### EXERCISE
Your reply should consist solely of the lines from the start of the material below through the line containing "theory Defs", reproduced exactly.

╔══

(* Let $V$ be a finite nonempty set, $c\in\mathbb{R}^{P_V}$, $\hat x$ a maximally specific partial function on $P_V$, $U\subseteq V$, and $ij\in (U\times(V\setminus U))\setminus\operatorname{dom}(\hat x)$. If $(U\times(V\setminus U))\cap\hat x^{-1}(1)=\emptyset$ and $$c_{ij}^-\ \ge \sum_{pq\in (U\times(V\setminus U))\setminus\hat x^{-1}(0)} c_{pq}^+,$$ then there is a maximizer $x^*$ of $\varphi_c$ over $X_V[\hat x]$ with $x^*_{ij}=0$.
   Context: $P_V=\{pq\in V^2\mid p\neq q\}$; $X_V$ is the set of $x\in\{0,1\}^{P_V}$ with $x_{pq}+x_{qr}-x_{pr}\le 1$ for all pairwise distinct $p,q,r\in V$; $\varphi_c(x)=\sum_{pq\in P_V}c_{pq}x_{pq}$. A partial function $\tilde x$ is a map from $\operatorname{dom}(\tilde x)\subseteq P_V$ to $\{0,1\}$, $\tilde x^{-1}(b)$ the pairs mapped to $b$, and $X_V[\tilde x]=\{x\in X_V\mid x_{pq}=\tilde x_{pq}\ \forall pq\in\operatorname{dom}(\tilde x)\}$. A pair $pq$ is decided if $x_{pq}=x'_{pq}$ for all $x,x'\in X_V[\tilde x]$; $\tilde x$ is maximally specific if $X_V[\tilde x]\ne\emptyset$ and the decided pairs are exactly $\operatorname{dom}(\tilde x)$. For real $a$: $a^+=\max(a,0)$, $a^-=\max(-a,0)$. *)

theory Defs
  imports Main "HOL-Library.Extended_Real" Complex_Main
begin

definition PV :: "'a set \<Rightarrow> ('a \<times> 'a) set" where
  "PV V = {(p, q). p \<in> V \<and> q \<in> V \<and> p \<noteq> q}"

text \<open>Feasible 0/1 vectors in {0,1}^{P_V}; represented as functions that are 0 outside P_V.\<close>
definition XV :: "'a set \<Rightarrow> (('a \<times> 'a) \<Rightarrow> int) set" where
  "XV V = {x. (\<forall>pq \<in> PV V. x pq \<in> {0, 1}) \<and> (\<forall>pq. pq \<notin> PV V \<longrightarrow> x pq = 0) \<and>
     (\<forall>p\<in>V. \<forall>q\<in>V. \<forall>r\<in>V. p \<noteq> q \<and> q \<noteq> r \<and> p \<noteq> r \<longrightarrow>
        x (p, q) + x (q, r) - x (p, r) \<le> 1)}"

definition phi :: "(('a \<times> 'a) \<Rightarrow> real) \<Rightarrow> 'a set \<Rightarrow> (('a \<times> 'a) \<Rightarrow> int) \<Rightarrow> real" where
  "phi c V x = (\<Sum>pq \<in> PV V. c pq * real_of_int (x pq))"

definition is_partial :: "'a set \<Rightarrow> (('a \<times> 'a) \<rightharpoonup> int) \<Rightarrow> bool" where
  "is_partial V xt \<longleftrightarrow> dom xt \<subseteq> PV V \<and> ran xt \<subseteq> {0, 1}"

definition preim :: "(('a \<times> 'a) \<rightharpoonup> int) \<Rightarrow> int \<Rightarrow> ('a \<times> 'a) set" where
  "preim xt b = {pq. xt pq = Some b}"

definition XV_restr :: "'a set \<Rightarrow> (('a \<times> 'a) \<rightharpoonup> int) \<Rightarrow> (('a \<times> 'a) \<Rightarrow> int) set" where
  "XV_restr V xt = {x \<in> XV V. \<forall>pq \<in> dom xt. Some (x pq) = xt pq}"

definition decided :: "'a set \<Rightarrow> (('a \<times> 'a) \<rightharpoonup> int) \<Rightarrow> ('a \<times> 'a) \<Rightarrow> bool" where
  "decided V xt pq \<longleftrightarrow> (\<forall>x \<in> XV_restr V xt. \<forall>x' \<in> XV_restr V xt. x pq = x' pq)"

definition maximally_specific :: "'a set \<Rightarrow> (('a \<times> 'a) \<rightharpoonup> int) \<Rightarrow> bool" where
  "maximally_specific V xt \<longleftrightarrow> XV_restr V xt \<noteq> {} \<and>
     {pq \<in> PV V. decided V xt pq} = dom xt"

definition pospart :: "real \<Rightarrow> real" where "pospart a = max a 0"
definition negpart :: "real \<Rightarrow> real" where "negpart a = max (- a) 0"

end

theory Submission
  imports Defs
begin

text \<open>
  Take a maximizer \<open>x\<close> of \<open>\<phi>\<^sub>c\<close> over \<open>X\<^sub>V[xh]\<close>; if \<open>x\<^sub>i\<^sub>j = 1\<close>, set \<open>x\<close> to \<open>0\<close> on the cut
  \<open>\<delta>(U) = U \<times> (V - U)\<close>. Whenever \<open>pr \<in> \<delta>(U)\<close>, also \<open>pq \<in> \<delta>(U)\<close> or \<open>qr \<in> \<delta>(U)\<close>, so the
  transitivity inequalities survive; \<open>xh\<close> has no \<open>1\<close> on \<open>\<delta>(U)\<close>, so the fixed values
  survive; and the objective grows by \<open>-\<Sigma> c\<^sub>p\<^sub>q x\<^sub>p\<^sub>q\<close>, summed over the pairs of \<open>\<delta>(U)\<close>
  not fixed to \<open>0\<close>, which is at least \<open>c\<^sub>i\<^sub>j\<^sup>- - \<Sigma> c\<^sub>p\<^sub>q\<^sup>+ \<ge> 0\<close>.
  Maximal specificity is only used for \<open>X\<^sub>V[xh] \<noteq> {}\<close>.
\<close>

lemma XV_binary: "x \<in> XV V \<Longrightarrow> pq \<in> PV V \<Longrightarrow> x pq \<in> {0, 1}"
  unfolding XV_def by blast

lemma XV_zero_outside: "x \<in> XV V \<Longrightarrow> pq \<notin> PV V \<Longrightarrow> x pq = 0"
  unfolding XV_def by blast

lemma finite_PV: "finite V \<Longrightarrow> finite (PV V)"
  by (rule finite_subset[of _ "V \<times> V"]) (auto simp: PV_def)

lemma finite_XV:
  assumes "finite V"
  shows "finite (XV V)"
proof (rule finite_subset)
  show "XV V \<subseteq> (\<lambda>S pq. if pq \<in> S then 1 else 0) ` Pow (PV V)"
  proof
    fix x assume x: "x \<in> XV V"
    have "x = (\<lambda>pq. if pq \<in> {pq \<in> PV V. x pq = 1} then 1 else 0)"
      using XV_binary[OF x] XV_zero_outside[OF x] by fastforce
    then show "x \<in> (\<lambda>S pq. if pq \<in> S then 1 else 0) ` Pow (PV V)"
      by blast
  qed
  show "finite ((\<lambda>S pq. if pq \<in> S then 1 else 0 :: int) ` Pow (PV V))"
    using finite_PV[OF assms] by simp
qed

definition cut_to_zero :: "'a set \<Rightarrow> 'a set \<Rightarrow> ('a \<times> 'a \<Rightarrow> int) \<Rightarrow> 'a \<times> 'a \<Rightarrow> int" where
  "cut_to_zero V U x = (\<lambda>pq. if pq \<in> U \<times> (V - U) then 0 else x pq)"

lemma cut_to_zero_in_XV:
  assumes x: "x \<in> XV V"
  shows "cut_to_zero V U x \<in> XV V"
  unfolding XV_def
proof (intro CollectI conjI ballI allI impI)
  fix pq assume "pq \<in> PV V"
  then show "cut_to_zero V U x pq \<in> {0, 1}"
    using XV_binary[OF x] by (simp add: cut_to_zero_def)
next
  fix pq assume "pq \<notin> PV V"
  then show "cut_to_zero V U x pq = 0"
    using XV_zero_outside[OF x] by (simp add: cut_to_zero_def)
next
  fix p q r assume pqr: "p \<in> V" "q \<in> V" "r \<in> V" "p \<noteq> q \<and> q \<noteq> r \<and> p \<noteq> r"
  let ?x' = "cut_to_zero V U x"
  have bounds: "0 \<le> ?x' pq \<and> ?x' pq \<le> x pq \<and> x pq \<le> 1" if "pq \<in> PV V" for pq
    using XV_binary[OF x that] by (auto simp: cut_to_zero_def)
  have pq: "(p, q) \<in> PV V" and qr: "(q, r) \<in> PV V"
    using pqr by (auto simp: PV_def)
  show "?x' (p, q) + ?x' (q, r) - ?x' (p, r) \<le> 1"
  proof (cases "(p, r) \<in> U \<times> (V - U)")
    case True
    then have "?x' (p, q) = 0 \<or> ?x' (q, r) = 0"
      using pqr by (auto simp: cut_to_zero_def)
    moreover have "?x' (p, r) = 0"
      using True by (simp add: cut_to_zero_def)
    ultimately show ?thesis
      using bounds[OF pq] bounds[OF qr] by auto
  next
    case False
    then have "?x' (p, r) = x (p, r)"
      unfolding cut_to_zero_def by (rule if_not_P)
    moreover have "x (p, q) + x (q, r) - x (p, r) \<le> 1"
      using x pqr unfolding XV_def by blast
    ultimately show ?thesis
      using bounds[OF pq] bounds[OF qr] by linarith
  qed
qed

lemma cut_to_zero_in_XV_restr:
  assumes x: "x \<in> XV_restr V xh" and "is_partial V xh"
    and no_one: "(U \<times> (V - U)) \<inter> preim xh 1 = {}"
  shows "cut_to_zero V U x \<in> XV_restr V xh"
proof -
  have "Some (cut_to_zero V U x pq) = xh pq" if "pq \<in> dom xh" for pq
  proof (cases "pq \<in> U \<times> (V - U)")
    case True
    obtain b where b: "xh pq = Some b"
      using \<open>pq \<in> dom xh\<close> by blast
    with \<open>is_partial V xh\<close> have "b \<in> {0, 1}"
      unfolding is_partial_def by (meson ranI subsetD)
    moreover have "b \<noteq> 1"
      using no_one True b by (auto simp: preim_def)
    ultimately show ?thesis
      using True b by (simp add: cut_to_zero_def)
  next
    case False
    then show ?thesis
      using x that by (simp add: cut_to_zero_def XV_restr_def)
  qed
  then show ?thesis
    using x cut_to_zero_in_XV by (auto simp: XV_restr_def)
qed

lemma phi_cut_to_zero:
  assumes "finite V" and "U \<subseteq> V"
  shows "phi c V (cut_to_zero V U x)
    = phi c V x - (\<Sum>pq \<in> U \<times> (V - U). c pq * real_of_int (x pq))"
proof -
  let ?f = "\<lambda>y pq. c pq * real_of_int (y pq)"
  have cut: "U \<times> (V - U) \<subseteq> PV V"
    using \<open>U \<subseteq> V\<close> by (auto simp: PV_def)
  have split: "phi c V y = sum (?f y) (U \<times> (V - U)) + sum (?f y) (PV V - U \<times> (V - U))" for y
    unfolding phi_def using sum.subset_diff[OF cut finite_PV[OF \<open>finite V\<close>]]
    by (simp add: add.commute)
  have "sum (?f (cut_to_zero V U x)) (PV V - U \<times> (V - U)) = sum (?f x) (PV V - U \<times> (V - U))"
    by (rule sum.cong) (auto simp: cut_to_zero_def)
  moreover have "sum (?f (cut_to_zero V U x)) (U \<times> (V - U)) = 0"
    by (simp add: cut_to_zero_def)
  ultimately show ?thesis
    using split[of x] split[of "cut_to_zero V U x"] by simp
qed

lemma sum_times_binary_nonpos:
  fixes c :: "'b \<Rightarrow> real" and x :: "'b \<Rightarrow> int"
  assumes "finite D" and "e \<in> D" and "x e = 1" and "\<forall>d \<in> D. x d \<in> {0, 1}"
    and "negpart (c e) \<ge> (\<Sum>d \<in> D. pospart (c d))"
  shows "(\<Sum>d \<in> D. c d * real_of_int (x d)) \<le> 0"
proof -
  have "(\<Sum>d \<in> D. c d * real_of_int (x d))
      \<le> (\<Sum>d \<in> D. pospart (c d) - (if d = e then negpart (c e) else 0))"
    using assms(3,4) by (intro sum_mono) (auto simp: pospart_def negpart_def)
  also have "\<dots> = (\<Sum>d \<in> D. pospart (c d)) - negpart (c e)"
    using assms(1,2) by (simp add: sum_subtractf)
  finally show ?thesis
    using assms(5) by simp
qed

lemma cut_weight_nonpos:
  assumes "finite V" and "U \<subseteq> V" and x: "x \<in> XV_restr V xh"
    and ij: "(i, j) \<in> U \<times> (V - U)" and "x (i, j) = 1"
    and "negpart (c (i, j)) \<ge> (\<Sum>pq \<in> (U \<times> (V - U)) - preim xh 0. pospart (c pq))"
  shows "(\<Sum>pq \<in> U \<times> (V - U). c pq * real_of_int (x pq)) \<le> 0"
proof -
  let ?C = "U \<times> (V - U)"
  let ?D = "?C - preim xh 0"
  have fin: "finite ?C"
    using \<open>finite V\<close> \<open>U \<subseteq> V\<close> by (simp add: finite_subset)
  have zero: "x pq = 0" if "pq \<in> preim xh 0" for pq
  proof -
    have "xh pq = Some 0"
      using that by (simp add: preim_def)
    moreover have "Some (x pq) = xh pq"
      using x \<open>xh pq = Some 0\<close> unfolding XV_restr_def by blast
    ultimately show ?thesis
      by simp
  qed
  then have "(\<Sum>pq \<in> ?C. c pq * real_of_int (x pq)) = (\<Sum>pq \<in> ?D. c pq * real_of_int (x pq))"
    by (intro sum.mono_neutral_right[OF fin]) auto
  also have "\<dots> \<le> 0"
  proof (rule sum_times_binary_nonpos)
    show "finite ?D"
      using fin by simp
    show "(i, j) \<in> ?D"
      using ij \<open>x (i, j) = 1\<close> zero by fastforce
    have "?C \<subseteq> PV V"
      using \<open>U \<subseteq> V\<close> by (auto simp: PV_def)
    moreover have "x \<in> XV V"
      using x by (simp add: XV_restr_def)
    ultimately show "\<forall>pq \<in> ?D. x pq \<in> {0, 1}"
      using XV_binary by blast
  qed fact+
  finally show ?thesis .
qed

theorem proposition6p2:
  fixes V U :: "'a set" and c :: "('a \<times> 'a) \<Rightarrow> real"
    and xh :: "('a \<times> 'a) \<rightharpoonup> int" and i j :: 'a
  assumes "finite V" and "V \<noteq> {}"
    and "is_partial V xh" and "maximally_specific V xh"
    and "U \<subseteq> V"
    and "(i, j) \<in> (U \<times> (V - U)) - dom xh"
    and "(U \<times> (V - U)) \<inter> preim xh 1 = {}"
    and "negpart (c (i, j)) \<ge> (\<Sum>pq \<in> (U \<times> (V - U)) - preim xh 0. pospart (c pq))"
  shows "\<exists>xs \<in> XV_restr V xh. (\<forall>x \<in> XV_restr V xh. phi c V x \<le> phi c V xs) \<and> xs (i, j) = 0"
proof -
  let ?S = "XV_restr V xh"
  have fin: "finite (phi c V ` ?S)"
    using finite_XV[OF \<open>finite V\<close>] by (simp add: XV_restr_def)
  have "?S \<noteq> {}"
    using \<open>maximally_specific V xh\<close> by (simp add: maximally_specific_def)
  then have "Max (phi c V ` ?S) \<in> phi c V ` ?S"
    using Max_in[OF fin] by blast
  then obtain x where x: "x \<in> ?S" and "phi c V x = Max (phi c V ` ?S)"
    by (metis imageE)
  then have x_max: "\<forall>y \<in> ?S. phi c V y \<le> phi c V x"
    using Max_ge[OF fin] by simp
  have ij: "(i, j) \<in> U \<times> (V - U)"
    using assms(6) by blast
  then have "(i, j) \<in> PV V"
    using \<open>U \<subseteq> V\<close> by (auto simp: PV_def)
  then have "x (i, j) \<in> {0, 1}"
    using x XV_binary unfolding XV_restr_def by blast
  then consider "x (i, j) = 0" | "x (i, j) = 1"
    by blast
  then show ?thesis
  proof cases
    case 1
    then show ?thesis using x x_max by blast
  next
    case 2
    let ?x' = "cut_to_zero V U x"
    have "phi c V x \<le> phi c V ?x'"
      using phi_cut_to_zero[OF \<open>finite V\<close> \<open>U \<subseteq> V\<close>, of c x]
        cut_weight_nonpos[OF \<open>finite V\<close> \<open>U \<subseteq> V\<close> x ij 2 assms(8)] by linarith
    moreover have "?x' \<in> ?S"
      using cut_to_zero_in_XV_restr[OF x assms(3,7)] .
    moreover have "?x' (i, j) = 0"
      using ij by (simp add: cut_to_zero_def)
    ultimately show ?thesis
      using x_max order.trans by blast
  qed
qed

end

╚══

### RESULT FOR THIS EXERCISE
(* Let $V$ be a finite nonempty set, $c\in\mathbb{R}^{P_V}$, $\hat x$ a maximally specific partial function on $P_V$, $U\subseteq V$, and $ij\in (U\times(V\setminus U))\setminus\operatorname{dom}(\hat x)$. If $(U\times(V\setminus U))\cap\hat x^{-1}(1)=\emptyset$ and $$c_{ij}^-\ \ge \sum_{pq\in (U\times(V\setminus U))\setminus\hat x^{-1}(0)} c_{pq}^+,$$ then there is a maximizer $x^*$ of $\varphi_c$ over $X_V[\hat x]$ with $x^*_{ij}=0$.
   Context: $P_V=\{pq\in V^2\mid p\neq q\}$; $X_V$ is the set of $x\in\{0,1\}^{P_V}$ with $x_{pq}+x_{qr}-x_{pr}\le 1$ for all pairwise distinct $p,q,r\in V$; $\varphi_c(x)=\sum_{pq\in P_V}c_{pq}x_{pq}$. A partial function $\tilde x$ is a map from $\operatorname{dom}(\tilde x)\subseteq P_V$ to $\{0,1\}$, $\tilde x^{-1}(b)$ the pairs mapped to $b$, and $X_V[\tilde x]=\{x\in X_V\mid x_{pq}=\tilde x_{pq}\ \forall pq\in\operatorname{dom}(\tilde x)\}$. A pair $pq$ is decided if $x_{pq}=x'_{pq}$ for all $x,x'\in X_V[\tilde x]$; $\tilde x$ is maximally specific if $X_V[\tilde x]\ne\emptyset$ and the decided pairs are exactly $\operatorname{dom}(\tilde x)$. For real $a$: $a^+=\max(a,0)$, $a^-=\max(-a,0)$. *)

theory Defs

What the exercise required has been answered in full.